When the price is above green, the trend is bullish. When price drops below red, the trend is bearish.

A regime flip occurs when price crosses from one zone to the other. Only one regime is active at any time.

The width of each band adapts to market volatility, so zones widen during fast moves and contract when the market is quiet.

To read the chart:

  • Track which color the price sits above or below to see current regime.

  • A switch from green to red, or vice versa, signals a shift in control, i.e. bulls to bears or bears to bulls.

  • The trailing band marks stop levels for each side, updating as volatility changes.

  • Large regime flips often cluster around big price moves or breakouts.

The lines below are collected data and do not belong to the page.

(* Let $\mathbf X=\{X_i\}_{i\in\mathbb Z}$ be a stationary strongly mixing process on a finite alphabet with $0<\mathcal H_1(\mathbf X)<\infty$, whose strong mixing coefficients satisfy $\sum_{s=0}^\infty d(s)<\infty$, and which is aperiodic in the sense that $\mathcal R(\mathbf X):=\sup_{s\in\mathbb N_+}\mathbb P[X_1=X_{1+s}]<1$. Let $\beta>0$, $\ell=\beta\log n$, and $\eta>0$. Then \[ \sup_{1\le s\le\ell}\ \max_{\frac{1+\eta}{\mathcal H_1(\mathbf X)}\log n\le t\le\beta\log n}\mathbb P\!\left[X_1^t=X_{1+s}^{t+s}\right]=o\!\left(\frac1{\log n}\right)\quad(n\to\infty), \] with constants depending on $p_{\min}:=\min_{x\in\mathrm{supp}(P_{X_1})}P_{X_1}(x)$.
   Context: Logarithms are to base $|\mathcal X|$. Strong mixing coefficient: $d(s):=\sup\{|\mathbb P[\mathcal F\mid\mathcal E]-\mathbb P[\mathcal F]|: i\in\mathbb Z,\ \mathcal E\in\sigma(X_{-\infty}^i),\ \mathcal F\in\sigma(X_{i+s}^\infty)\}$, taken w.l.o.g. non-increasing in $s$; $\mathbf X$ is strongly mixing if $d(s)\to0$. $\mathcal H_1(\mathbf X)=\lim_{t\to\infty}\frac{1}{2t+1}H_1(P_{X_{-t}^t})$ is the Shannon entropy rate (assumed to exist). $X_1^t=X_{1+s}^{t+s}$ means $X_i=X_{i+s}$ for all $i\in[t]$. *)

theory Defs
  imports "HOL-Probability.Probability"
begin

text \<open>A process is a family X :: int => 'a => 'x of random variables on a probability
space M with values in a finite alphabet 'x. Logarithms are to base |'x| = CARD('x).\<close>

definition stationary_process :: "'a measure \<Rightarrow> (int \<Rightarrow> 'a \<Rightarrow> 'x) \<Rightarrow> bool" where
  "stationary_process M X \<longleftrightarrow>
     (\<forall>k::int. distr M (PiM UNIV (\<lambda>_. count_space UNIV)) (\<lambda>\<omega> i. X (i + k) \<omega>)
             = distr M (PiM UNIV (\<lambda>_. count_space UNIV)) (\<lambda>\<omega> i. X i \<omega>))"

definition past_events :: "'a measure \<Rightarrow> (int \<Rightarrow> 'a \<Rightarrow> 'x) \<Rightarrow> int \<Rightarrow> 'a set set" where
  "past_events M X i = sigma_sets (space M) (\<Union>j\<in>{..i}. {X j -` A \<inter> space M | A. True})"

definition future_events :: "'a measure \<Rightarrow> (int \<Rightarrow> 'a \<Rightarrow> 'x) \<Rightarrow> int \<Rightarrow> 'a set set" where
  "future_events M X i = sigma_sets (space M) (\<Union>j\<in>{i..}. {X j -` A \<inter> space M | A. True})"

definition mixing_coeff :: "'a measure \<Rightarrow> (int \<Rightarrow> 'a \<Rightarrow> 'x) \<Rightarrow> nat \<Rightarrow> real" where
  "mixing_coeff M X s = Sup {\<bar>measure M (F \<inter> E) / measure M E - measure M F\<bar> | i E F.
       E \<in> past_events M X i \<and> F \<in> future_events M X (i + int s) \<and> measure M E > 0}"

definition block_entropy :: "'a measure \<Rightarrow> (int \<Rightarrow> 'a \<Rightarrow> 'x::finite) \<Rightarrow> nat \<Rightarrow> real" where
  "block_entropy M X t = - (\<Sum>w\<in>PiE {- int t .. int t} (\<lambda>_. UNIV).
      let p = measure M {\<omega> \<in> space M. \<forall>j\<in>{- int t .. int t}. X j \<omega> = w j}
      in p * log (real CARD('x)) p)"

definition recurrence_coeff :: "'a measure \<Rightarrow> (int \<Rightarrow> 'a \<Rightarrow> 'x) \<Rightarrow> real" where
  "recurrence_coeff M X = Sup {measure M {\<omega> \<in> space M. X 1 \<omega> = X (1 + int s) \<omega>} | s::nat. s \<ge> 1}"

definition shift_match_prob :: "'a measure \<Rightarrow> (int \<Rightarrow> 'a \<Rightarrow> 'x) \<Rightarrow> nat \<Rightarrow> nat \<Rightarrow> real" where
  "shift_match_prob M X s t = measure M {\<omega> \<in> space M. \<forall>i\<in>{1 .. int t}. X i \<omega> = X (i + int s) \<omega>}"

end

theory Submission
  imports Defs
begin

text \<open>Cut the block \<open>X\<^sub>1 \<dots> X\<^sub>t\<close> into windows separated by gaps of length \<open>g\<close>: by strong
  mixing, events depending on such windows multiply up to an additive error \<open>d(g)\<close> per window.
  For a shift \<open>s < 2g\<close>, a match forces about \<open>t / 3g\<close> separated coincidences \<open>X\<^sub>j = X\<^sub>j\<^sub>+\<^sub>s\<close>,
  each of probability at most \<open>R(X)\<close>. For a larger shift, choose probe positions \<open>J\<close> at distance
  at least \<open>g\<close> from each other and from \<open>J + s\<close>; a match makes \<open>X\<close> repeat on \<open>J + s\<close> its pattern
  on \<open>J\<close>, which costs about \<open>p ^ |J|\<close> for the largest marginal probability \<open>p\<close>, and \<open>p < 1\<close>
  because \<open>R(X) < 1\<close>. With \<open>g\<close> the integer cube root of \<open>t\<close>, both bounds are \<open>q ^ (g div 4)\<close> for
  a fixed \<open>q < 1\<close>, hence \<open>o(1/t)\<close>, and \<open>t \<ge> (1 + \<eta>) log n / H\<close>. So only \<open>d(s) \<rightarrow> 0\<close>,
  \<open>R(X) < 1\<close> and \<open>H > 0\<close> are used.\<close>

lemma le_power_smaller_exponent:
  fixes x b :: real
  assumes "x \<le> b ^ m" "n \<le> m" "0 \<le> b" "x \<le> 1"
  shows "x \<le> b ^ n"
proof (cases "b \<le> 1")
  case True
  then show ?thesis using assms power_decreasing[of n m b] by linarith
next
  case False
  then show ?thesis using assms(4) one_le_power[of b n] by linarith
qed

lemma tendsto_cube_mult_power:
  fixes q :: real
  assumes "0 < q" "q < 1"
  shows "(\<lambda>n. real n ^ 3 * q ^ n) \<longlonglongrightarrow> 0"
proof -
  define r where "r = root 3 q"
  have "(\<lambda>n. (real n * r ^ n) ^ 3) \<longlonglongrightarrow> 0 ^ 3"
    using assms by (intro tendsto_power powser_times_n_limit_0) (simp add: r_def)
  moreover have "r ^ 3 = q" using assms by (simp add: r_def)
  then have "(real n * r ^ n) ^ 3 = real n ^ 3 * q ^ n" for n
    by (metis power_mult_distrib power_mult mult.commute)
  ultimately show ?thesis by simp
qed

lemma tendsto_cube_mult_power_div_4:
  fixes q :: real
  assumes "0 < q" "q < 1"
  shows "(\<lambda>k. real (k + 1) ^ 3 * q ^ (k div 4)) \<longlonglongrightarrow> 0"
proof -
  have "(\<lambda>m. real (Suc m) ^ 3 * q ^ Suc m / q) \<longlonglongrightarrow> 0"
    using tendsto_cube_mult_power[OF assms] by (intro tendsto_divide_zero LIMSEQ_Suc)
  then have "(\<lambda>m. real (m + 1) ^ 3 * q ^ m) \<longlonglongrightarrow> 0" using assms(1) by simp
  then have lim: "(\<lambda>k. 64 * (real (k div 4 + 1) ^ 3 * q ^ (k div 4))) \<longlonglongrightarrow> 0"
    by (intro tendsto_mult_right_zero filterlim_compose[OF _ filterlim_at_top_div_const_nat]) auto
  have bound: "real (k + 1) ^ 3 * q ^ (k div 4) \<le> 64 * (real (k div 4 + 1) ^ 3 * q ^ (k div 4))" for k
  proof -
    have "k + 1 \<le> 4 * (k div 4 + 1)" by simp
    then have "real (k + 1) \<le> 4 * real (k div 4 + 1)" by (metis of_nat_le_iff of_nat_mult of_nat_numeral)
    then have "real (k + 1) ^ 3 * q ^ (k div 4) \<le> (4 * real (k div 4 + 1)) ^ 3 * q ^ (k div 4)"
      using assms(1) by (intro mult_right_mono power_mono) auto
    also have "(4 * real (k div 4 + 1)) ^ 3 = 64 * real (k div 4 + 1) ^ 3"
      by (simp only: power_mult_distrib) simp
    finally show ?thesis by (simp only: mult.assoc)
  qed
  show ?thesis
  proof (rule tendsto_sandwich[OF _ _ tendsto_const lim])
    show "\<forall>\<^sub>F k in sequentially. 0 \<le> real (k + 1) ^ 3 * q ^ (k div 4)" using assms(1) by simp
    show "\<forall>\<^sub>F k in sequentially. real (k + 1) ^ 3 * q ^ (k div 4) \<le> 64 * (real (k div 4 + 1) ^ 3 * q ^ (k div 4))"
      using bound by simp
  qed
qed

lemma floor_cube_root_nat:
  obtains k :: nat where "k ^ 3 \<le> t" "t < (k + 1) ^ 3"
proof -
  have "y < t + 1" if "y ^ 3 \<le> t" for y :: nat
  proof -
    have "y \<le> y ^ 3" by (cases y) (auto simp: power3_eq_cube)
    with that show ?thesis by simp
  qed
  then obtain k where k: "k ^ 3 \<le> t" and greatest: "\<And>y. y ^ 3 \<le> t \<Longrightarrow> y \<le> k"
    using ex_has_greatest_nat[of "\<lambda>k. k ^ 3 \<le> t" 0 "\<lambda>y. y" "t + 1"] by auto
  moreover have "t < (k + 1) ^ 3"
  proof (rule ccontr)
    assume "\<not> t < (k + 1) ^ 3"
    with greatest have "k + 1 \<le> k" by (simp only: not_less)
    then show False by simp
  qed
  ultimately show thesis using that k by blast
qed
lemma merge_vertex_edges_subset:
  assumes "simple_graph V E" "nbhd E v \<subseteq> nbhd E w \<union> {w}"
    and "K \<subseteq> del_vertex_edges E w - {{u, v}}"
  shows "(`) (id(v := w)) ` K \<subseteq> E - {{u, w}}"
proof
  fix e' assume "e' \<in> (`) (id(v := w)) ` K"
  then obtain f where f: "f \<in> K" "e' = id(v := w) ` f" by blast
  then have fE: "f \<in> E" "w \<notin> f" "f \<noteq> {u, v}" using assms(3) by (auto simp: del_vertex_edges_def)
  show "e' \<in> E - {{u, w}}"
  proof (cases "v \<in> f")
    case True
    obtain a b where "a \<noteq> b" "f = {a, b}" using assms(1) fE(1) unfolding simple_graph_def by blast
    with True obtain x where x: "f = {v, x}" "x \<noteq> v" by (metis empty_iff insert_commute insert_iff)
    with fE(2) have "x \<noteq> w" by blast
    have "e' = {w, x}" using f(2) x by auto
    have "x \<in> nbhd E v" using fE(1) x(1) by (simp add: nbhd_def)
    with assms(2) \<open>x \<noteq> w\<close> have "{w, x} \<in> E" by (auto simp: nbhd_def)
    moreover have "x \<noteq> u" using fE(3) x(1) by auto
    with \<open>x \<noteq> w\<close> have "{w, x} \<noteq> {u, w}" by (auto simp: doubleton_eq_iff)
    ultimately show ?thesis using \<open>e' = {w, x}\<close> by simp
  next
    case False
    then have "id(v := w) ` f = id ` f" by (intro image_cong) auto
    with f(2) fE show ?thesis by auto
  qed
qed
(* Fix an integer $k\geq1$ and $V=\{0,\ldots,k\}$. A Boolean function $\varphi$ on $V$ is fragmentable if and only if $\mathrm{eul}(\varphi)=0$.
   Context: A valuation is a subset $\nu\subseteq V$; $\nu^{(l)}$ is $\nu$ with membership of $l$ flipped. A Boolean function on $V$ is a map $\varphi:2^V\to\{\text{false},\text{true}\}$; $\mathrm{eul}(\varphi)=\sum_{\nu:\varphi(\nu)=\text{true}}(-1)^{|\nu|}$. $\varphi$ is degenerate if there is $l\in V$ with $\varphi(\nu)=\varphi(\nu^{(l)})$ for all $\nu$. Two functions are disjoint if no valuation satisfies both. A $\neg$-$\vee$-template is a Boolean circuit all of whose internal gates are $\neg$- or $\vee$-gates (a single leaf is allowed); its leaves $l_0,\ldots,l_n$ are holes. $T[\varphi_0,\ldots,\varphi_n]$ is the function obtained by substituting $\varphi_i$ for $l_i$; it is deterministic if, for every $\vee$-gate of the template, any two distinct inputs compute disjoint functions. $\varphi$ is fragmentable if there exist a $\neg$-$\vee$-template $T$ and degenerate functions $\varphi_0,\ldots,\varphi_n$ (one per hole) such that $T[\varphi_0,\ldots,\varphi_n]$ is deterministic and equivalent to $\varphi$. *)

theory Defs
  imports Main
begin

text \<open>Valuations over V are sets nu with nu a subset of V; a Boolean function on V is
  represented by a predicate on nat sets, of which only the values on subsets of V matter.\<close>

type_synonym bfun = "nat set \<Rightarrow> bool"

definition flip :: "nat set \<Rightarrow> nat \<Rightarrow> nat set" where
  "flip \<nu> l = (if l \<in> \<nu> then \<nu> - {l} else insert l \<nu>)"

definition eul :: "nat set \<Rightarrow> bfun \<Rightarrow> int" where
  "eul V \<phi> = (\<Sum>\<nu> \<in> {\<nu>. \<nu> \<subseteq> V \<and> \<phi> \<nu>}. (-1) ^ card \<nu>)"

definition degenerate :: "nat set \<Rightarrow> bfun \<Rightarrow> bool" where
  "degenerate V \<phi> = (\<exists>l \<in> V. \<forall>\<nu>. \<nu> \<subseteq> V \<longrightarrow> \<phi> \<nu> = \<phi> (flip \<nu> l))"

definition disjoint_fun :: "nat set \<Rightarrow> bfun \<Rightarrow> bfun \<Rightarrow> bool" where
  "disjoint_fun V \<phi> \<psi> = (\<forall>\<nu>. \<nu> \<subseteq> V \<longrightarrow> \<not> (\<phi> \<nu> \<and> \<psi> \<nu>))"
lemma closed_subnet_net: "closed_subnet (net_places \<Delta> p) (net_trans \<Delta> p) (cfm_trans \<Delta>)"
  unfolding closed_subnet_def net_trans_def cfm_trans_def by (auto intro: net_places.np_step)

lemma closed_subnet_restr_net:
  "closed_subnet (restr_places (net_places \<Delta> p)) (restr_trans H (net_trans \<Delta> p))
     (restr_trans H (cfm_trans \<Delta>))"
  unfolding closed_subnet_def net_trans_def cfm_trans_def restr_trans_def restr_places_def
  by (fastforce intro: net_places.np_step)

lemma tau_star_restr:
  "tau_star Tau T m m' \<Longrightarrow> tau_star Tau (restr_trans H T) (image_mset Restr m) (image_mset Restr m')"
proof (induction rule: tau_star.induct)
  case (ts_step s m' m'')
  then have "(Restr s, Tau, image_mset Restr m') \<in> restr_trans H T"
    unfolding restr_trans_def is_high_def by blast
  with ts_step.IH show ?case
    by (auto intro: tau_star.ts_step)
qed (rule tau_star.ts_refl)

3. Limitations and Extensions

This method is built for trending, liquid markets. In slow, range-bound periods, fair value gaps are less meaningful and regime flips cluster together. Very tight ATR or smoothing settings can exaggerate this effect.

False signals can occur during major news events, when volatility spikes and gaps widen sharply. In thinly traded assets, gaps are often just noise, not real supply/demand imbalances.

The model relies on recent price and volatility. It does not account for volume, fundamentals, or broader macro context.

Possible extensions:

  • Add a volume filter to reduce noise from illiquid moves.

  • Combine with momentum or trend strength filters to confirm regime flips.

  • Use ensemble approaches: combine FVG stops with classic trailing ATR, Keltner Channels, or moving averages.

  • Tune parameters using historical walk-forward analysis to reduce overfitting.

Concluding Thoughts

Unlike static stop rules, this method adapts to current conditions and highlights the zones where actual buying or selling pressure is unfinished.

The key information sits in the gaps themselves, not just the price bars.